[Task instructions]:
Whenever "psub" occurs in a line of the material, list that line.

==========

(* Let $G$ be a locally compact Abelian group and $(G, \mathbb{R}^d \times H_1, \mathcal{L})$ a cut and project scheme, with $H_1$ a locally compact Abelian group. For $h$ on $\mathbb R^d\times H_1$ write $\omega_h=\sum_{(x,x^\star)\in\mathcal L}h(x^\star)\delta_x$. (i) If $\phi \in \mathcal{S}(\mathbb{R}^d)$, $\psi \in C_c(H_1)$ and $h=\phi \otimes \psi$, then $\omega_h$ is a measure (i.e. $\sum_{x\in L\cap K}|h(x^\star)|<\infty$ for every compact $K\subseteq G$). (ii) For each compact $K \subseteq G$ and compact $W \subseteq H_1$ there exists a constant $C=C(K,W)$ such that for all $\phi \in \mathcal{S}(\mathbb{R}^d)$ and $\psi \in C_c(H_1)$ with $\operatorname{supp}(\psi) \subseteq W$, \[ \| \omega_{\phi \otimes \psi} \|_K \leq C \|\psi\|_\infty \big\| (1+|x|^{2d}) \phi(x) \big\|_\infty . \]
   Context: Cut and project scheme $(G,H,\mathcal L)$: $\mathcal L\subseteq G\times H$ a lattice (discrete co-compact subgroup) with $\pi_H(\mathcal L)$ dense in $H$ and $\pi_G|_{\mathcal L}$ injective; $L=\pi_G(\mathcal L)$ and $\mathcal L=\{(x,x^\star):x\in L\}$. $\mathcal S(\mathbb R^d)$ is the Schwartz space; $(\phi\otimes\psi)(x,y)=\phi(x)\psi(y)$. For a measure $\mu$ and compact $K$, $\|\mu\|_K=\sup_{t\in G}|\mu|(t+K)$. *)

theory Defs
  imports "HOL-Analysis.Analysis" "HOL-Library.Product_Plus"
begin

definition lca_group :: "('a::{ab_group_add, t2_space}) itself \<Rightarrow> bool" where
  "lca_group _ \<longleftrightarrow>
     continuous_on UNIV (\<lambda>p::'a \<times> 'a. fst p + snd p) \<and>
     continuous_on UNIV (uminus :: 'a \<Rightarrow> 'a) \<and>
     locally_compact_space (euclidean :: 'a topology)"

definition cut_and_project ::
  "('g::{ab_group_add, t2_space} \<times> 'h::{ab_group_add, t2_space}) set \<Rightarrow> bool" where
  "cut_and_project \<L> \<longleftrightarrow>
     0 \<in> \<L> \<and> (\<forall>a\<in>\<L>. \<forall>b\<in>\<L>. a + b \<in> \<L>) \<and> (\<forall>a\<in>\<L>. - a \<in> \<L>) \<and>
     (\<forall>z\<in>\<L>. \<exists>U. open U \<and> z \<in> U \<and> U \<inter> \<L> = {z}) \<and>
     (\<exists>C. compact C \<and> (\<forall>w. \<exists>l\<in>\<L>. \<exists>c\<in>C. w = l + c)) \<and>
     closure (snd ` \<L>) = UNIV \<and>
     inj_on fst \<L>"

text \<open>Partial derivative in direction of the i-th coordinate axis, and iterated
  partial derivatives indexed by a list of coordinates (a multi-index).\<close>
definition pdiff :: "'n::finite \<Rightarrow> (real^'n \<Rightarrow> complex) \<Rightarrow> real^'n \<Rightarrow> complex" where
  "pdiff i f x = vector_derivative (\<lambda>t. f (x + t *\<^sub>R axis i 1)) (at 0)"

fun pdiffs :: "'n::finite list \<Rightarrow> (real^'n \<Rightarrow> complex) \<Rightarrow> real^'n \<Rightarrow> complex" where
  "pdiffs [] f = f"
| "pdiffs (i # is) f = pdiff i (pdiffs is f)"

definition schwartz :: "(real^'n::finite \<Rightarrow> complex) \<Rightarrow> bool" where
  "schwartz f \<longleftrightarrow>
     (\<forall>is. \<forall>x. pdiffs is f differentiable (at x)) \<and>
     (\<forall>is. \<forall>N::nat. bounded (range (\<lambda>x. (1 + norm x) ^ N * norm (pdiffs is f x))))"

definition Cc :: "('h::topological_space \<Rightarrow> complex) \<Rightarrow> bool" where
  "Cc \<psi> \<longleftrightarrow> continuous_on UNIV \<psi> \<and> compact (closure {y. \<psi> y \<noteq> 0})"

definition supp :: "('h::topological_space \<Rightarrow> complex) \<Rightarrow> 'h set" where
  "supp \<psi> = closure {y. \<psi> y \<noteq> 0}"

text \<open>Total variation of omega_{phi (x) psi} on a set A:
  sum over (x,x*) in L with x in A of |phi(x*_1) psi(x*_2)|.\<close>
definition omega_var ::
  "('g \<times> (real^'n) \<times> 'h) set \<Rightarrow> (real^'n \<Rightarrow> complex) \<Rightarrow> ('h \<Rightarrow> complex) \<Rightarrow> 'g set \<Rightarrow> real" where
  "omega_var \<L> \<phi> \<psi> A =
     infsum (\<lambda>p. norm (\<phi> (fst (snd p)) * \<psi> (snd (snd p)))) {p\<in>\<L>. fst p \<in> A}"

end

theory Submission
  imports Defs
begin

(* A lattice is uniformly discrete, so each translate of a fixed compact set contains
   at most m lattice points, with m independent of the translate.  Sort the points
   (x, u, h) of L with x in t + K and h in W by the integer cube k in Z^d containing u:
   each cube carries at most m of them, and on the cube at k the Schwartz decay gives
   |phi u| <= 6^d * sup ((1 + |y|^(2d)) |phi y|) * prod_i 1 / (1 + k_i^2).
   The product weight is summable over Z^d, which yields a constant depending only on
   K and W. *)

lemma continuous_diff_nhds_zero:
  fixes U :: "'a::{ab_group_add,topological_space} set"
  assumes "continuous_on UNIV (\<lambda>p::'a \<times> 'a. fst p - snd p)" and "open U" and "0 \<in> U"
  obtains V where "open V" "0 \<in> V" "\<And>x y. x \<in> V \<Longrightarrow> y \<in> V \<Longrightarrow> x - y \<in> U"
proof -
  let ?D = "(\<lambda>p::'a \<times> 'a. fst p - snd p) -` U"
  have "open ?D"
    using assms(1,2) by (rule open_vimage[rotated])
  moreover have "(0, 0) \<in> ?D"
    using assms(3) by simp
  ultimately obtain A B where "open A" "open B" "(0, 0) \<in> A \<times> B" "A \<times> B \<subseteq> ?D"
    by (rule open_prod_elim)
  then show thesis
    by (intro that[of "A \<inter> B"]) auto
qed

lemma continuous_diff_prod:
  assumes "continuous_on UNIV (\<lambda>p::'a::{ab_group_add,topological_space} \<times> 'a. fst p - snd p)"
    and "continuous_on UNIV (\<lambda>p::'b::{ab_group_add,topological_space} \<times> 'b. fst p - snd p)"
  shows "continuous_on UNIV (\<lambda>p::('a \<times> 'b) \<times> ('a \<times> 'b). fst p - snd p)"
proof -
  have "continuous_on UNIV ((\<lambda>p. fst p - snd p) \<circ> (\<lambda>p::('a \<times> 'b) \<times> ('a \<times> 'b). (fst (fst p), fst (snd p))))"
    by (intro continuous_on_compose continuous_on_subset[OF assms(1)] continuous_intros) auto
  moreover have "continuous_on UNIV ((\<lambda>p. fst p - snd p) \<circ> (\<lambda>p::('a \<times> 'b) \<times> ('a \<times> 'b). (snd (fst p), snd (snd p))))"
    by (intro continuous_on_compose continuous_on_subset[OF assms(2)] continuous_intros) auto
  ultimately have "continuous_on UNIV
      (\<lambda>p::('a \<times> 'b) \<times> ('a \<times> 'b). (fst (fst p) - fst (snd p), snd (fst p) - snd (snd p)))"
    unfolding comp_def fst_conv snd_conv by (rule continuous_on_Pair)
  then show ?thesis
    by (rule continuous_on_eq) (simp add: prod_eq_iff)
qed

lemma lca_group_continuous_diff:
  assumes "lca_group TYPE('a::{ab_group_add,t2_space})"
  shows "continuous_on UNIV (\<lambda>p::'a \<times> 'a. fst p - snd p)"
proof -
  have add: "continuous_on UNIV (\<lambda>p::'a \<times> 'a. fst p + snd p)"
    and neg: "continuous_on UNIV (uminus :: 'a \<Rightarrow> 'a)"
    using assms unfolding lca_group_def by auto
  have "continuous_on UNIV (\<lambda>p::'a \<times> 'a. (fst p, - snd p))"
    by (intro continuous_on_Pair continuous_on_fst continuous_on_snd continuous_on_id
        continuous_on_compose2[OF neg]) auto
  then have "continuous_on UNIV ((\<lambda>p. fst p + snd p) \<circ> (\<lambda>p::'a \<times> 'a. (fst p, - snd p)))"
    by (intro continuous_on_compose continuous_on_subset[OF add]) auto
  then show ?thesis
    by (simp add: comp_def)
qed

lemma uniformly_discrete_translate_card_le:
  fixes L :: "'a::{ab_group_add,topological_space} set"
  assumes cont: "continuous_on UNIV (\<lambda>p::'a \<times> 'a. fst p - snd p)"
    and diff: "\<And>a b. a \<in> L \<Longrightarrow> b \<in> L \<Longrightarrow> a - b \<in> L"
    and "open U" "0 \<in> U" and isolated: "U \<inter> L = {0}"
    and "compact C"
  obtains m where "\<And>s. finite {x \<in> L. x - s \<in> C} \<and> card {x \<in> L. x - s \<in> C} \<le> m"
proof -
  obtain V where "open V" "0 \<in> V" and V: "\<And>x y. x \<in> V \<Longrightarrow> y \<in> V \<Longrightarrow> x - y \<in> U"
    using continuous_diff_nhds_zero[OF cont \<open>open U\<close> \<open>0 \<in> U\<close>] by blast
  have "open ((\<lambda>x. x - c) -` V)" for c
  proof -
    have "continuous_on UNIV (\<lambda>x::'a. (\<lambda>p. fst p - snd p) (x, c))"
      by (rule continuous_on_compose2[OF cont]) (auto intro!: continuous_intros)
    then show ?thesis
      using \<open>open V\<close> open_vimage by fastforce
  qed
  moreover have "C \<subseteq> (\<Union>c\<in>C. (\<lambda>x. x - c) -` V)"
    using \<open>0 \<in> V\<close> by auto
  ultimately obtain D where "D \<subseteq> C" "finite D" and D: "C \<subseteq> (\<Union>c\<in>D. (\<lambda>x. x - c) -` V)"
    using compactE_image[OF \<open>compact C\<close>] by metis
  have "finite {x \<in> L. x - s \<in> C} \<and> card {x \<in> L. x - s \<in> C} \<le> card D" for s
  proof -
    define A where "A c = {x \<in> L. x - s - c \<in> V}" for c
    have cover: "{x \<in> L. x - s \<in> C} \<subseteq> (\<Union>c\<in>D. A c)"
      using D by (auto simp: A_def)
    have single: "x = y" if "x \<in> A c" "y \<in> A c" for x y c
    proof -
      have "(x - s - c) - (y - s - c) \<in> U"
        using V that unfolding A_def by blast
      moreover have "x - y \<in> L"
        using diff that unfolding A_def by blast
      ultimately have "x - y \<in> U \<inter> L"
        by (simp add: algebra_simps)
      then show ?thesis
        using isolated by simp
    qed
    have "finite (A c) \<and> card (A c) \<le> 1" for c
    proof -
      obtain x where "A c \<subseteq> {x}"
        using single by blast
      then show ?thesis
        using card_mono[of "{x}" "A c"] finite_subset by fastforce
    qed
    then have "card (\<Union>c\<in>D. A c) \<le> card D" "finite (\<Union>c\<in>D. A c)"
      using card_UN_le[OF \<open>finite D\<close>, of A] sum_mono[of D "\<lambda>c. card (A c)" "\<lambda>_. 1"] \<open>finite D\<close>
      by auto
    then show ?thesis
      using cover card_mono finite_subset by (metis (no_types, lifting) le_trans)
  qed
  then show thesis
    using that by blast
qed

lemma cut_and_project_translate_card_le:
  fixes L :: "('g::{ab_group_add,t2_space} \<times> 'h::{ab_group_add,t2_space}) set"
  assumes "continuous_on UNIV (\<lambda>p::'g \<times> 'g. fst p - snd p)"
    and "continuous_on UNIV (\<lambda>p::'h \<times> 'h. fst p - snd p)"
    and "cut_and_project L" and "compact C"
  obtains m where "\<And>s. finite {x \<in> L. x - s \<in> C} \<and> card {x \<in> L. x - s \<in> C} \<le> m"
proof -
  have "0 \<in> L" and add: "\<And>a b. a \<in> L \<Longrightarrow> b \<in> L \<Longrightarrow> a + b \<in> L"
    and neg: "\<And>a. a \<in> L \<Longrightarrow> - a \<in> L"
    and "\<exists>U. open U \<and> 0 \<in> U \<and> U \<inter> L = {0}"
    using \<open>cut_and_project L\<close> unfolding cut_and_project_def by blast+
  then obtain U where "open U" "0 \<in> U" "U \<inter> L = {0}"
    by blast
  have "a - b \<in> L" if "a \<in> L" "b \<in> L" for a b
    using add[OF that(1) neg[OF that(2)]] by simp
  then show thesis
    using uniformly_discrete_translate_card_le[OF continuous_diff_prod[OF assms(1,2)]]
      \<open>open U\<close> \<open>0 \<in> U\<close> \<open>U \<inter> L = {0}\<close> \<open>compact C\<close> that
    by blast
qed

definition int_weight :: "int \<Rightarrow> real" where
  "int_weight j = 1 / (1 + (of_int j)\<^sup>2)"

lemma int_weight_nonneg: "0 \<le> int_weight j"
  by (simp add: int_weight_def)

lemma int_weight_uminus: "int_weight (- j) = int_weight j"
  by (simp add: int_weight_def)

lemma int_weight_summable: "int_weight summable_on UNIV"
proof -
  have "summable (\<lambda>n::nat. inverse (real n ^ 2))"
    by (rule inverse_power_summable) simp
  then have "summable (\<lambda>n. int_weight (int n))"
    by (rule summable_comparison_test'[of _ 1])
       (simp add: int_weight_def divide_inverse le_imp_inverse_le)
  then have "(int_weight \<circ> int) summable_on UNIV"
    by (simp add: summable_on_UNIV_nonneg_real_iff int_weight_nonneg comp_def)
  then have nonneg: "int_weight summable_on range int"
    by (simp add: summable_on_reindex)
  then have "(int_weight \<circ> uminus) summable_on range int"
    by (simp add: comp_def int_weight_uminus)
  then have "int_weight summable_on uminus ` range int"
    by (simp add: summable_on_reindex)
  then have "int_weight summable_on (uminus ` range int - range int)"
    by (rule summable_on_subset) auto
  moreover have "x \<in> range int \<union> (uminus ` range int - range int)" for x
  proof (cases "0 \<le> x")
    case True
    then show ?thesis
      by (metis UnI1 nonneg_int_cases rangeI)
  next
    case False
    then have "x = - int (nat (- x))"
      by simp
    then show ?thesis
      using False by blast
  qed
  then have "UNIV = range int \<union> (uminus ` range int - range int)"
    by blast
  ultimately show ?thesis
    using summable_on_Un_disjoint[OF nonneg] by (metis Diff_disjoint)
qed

==========

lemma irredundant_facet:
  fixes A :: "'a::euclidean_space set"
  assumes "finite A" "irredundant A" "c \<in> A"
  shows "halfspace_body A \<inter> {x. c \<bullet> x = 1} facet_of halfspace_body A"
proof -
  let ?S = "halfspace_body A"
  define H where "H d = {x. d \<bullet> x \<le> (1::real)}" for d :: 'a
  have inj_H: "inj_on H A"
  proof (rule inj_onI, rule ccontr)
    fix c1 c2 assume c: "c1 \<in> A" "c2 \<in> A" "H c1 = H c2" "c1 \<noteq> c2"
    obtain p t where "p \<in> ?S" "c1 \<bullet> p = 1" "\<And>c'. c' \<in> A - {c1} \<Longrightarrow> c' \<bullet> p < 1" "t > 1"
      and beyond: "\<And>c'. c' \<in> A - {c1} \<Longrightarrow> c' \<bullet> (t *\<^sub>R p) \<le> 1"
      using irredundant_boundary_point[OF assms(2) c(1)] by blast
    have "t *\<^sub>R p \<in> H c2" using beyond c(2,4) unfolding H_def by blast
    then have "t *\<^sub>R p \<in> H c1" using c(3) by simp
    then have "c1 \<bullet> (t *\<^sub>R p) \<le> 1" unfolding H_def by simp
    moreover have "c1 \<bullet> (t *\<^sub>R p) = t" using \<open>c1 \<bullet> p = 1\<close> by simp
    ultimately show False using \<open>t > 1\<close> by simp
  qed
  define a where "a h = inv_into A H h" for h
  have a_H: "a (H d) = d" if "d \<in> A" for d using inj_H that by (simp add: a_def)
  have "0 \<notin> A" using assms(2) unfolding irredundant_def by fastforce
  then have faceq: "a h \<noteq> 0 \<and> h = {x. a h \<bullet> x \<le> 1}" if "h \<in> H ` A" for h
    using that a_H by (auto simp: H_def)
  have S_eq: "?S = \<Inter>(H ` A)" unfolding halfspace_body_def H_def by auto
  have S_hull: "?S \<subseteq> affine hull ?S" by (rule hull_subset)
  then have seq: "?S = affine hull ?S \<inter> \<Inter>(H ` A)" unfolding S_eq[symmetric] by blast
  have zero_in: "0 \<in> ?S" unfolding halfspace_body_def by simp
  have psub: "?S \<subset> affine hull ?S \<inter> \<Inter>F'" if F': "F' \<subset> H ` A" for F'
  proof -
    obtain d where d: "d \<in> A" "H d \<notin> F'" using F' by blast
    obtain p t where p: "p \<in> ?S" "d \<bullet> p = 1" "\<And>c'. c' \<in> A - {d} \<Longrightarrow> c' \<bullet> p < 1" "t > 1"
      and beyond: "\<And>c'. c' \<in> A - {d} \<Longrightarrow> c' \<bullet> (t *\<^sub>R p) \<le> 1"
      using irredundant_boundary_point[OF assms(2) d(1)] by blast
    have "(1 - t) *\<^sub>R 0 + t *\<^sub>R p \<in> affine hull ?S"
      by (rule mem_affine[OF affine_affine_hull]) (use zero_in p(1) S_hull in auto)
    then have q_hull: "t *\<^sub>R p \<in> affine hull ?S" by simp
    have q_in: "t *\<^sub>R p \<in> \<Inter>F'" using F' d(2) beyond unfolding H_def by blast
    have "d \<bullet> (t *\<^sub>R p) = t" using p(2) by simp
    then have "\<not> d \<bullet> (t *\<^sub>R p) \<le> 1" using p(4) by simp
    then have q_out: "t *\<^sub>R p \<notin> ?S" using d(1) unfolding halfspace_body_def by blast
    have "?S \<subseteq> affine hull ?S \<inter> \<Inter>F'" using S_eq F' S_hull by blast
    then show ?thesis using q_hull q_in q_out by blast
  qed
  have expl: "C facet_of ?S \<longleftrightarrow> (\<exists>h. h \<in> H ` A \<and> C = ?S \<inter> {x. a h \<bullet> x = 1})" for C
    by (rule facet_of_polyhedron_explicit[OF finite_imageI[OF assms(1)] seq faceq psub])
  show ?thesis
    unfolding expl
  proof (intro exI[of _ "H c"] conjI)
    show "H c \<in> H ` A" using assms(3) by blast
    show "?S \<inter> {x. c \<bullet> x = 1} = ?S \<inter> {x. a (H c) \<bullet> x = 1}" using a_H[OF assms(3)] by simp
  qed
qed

==========

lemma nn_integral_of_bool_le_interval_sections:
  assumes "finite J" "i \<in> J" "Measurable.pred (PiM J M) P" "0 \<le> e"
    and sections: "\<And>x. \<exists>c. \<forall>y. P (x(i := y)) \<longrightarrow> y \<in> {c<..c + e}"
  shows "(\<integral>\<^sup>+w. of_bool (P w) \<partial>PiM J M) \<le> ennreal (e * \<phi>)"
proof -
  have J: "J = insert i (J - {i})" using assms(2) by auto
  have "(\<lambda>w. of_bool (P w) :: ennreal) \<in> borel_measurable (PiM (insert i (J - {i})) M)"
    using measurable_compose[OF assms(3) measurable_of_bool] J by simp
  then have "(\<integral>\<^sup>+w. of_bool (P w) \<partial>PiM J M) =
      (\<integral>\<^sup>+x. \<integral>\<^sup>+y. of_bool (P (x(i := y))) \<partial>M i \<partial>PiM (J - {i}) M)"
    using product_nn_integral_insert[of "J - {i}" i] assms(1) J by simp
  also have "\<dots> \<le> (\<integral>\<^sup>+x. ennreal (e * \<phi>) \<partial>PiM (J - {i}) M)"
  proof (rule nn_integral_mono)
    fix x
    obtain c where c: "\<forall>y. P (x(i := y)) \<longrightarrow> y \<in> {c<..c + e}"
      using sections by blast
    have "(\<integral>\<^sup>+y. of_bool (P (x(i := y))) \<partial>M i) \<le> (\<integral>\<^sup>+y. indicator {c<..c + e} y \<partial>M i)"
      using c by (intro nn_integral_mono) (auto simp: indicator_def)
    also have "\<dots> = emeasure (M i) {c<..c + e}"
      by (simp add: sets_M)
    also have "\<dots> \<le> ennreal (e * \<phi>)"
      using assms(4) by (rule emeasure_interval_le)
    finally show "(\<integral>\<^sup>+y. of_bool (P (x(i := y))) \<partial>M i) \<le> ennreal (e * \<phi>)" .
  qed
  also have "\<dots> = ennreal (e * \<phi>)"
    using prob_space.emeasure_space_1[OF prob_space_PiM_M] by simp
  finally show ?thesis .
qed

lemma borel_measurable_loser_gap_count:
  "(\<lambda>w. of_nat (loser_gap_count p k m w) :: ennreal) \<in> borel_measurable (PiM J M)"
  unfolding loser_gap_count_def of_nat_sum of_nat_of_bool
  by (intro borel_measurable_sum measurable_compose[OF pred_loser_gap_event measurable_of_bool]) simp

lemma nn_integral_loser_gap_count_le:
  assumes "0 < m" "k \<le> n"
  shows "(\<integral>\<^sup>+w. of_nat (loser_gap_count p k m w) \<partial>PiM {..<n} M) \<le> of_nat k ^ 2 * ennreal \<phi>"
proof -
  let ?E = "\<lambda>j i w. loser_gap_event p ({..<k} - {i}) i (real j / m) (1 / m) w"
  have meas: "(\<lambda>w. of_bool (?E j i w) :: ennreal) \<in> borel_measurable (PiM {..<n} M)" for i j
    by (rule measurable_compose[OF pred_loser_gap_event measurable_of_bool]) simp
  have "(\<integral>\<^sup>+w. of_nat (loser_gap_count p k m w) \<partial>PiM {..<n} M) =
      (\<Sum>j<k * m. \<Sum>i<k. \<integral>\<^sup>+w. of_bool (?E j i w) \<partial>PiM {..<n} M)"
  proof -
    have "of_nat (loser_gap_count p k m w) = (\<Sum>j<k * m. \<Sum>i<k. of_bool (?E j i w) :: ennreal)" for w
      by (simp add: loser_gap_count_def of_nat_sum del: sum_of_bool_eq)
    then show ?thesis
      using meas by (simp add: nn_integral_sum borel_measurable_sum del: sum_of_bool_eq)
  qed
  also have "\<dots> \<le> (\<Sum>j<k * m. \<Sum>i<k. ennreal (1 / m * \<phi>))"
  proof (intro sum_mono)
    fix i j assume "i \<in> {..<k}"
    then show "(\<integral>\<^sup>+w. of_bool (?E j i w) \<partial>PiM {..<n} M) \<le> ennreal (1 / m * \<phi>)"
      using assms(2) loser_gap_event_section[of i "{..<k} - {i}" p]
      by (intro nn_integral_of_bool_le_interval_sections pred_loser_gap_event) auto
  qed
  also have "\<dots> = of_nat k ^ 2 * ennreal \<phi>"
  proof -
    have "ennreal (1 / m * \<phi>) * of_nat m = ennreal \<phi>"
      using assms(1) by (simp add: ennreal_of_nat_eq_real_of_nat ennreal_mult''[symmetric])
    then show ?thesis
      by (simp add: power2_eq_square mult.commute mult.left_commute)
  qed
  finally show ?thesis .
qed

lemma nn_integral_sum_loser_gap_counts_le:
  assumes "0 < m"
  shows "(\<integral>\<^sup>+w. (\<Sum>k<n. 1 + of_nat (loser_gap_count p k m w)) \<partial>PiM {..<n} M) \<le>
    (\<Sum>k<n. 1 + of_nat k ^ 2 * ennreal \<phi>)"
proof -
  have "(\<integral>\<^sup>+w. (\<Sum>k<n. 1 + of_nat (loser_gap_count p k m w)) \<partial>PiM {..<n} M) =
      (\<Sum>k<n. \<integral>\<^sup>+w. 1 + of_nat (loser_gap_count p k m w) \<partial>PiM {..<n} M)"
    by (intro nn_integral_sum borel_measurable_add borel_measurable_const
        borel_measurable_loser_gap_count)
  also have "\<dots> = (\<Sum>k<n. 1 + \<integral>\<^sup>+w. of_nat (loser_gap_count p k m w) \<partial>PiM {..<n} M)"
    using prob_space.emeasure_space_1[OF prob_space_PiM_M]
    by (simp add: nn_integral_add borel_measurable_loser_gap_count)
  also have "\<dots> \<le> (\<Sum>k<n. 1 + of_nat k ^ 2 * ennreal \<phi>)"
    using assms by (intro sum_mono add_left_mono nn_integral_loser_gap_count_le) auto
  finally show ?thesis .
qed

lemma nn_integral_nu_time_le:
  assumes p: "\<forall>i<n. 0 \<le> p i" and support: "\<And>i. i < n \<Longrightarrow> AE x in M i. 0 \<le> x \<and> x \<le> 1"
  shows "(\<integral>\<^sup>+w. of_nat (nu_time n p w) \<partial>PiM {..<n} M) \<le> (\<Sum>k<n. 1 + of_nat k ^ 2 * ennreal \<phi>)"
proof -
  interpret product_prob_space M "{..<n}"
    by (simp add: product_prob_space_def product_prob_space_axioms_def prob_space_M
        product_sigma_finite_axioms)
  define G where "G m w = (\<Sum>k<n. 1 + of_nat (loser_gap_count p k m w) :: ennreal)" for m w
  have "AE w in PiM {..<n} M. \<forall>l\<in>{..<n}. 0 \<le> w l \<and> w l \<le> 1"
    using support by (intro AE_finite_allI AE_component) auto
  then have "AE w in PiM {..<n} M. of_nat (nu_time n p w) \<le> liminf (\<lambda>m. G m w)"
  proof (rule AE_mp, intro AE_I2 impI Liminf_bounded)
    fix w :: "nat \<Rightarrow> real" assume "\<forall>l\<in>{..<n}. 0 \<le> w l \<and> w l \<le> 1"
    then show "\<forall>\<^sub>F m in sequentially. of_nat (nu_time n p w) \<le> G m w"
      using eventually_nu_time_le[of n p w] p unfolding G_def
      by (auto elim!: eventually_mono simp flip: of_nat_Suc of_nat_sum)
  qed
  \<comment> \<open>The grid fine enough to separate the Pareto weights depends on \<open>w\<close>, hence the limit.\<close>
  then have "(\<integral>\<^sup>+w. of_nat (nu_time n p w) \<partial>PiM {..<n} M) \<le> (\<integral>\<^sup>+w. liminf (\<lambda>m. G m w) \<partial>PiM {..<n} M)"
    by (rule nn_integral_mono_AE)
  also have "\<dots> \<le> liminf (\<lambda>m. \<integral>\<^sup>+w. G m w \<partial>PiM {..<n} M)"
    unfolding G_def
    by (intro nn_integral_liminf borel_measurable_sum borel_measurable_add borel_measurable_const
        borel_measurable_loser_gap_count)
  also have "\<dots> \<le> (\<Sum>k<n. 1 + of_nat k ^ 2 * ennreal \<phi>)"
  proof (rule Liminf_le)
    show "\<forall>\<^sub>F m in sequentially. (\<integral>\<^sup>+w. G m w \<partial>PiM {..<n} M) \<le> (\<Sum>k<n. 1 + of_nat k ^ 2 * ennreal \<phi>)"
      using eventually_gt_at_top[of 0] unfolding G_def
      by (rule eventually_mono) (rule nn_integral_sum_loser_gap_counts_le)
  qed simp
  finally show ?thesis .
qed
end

==========

[Answer to this task]:
  have psub: "?S \<subset> affine hull ?S \<inter> \<Inter>F'" if F': "F' \<subset> H ` A" for F'
    by (rule facet_of_polyhedron_explicit[OF finite_imageI[OF assms(1)] seq faceq psub])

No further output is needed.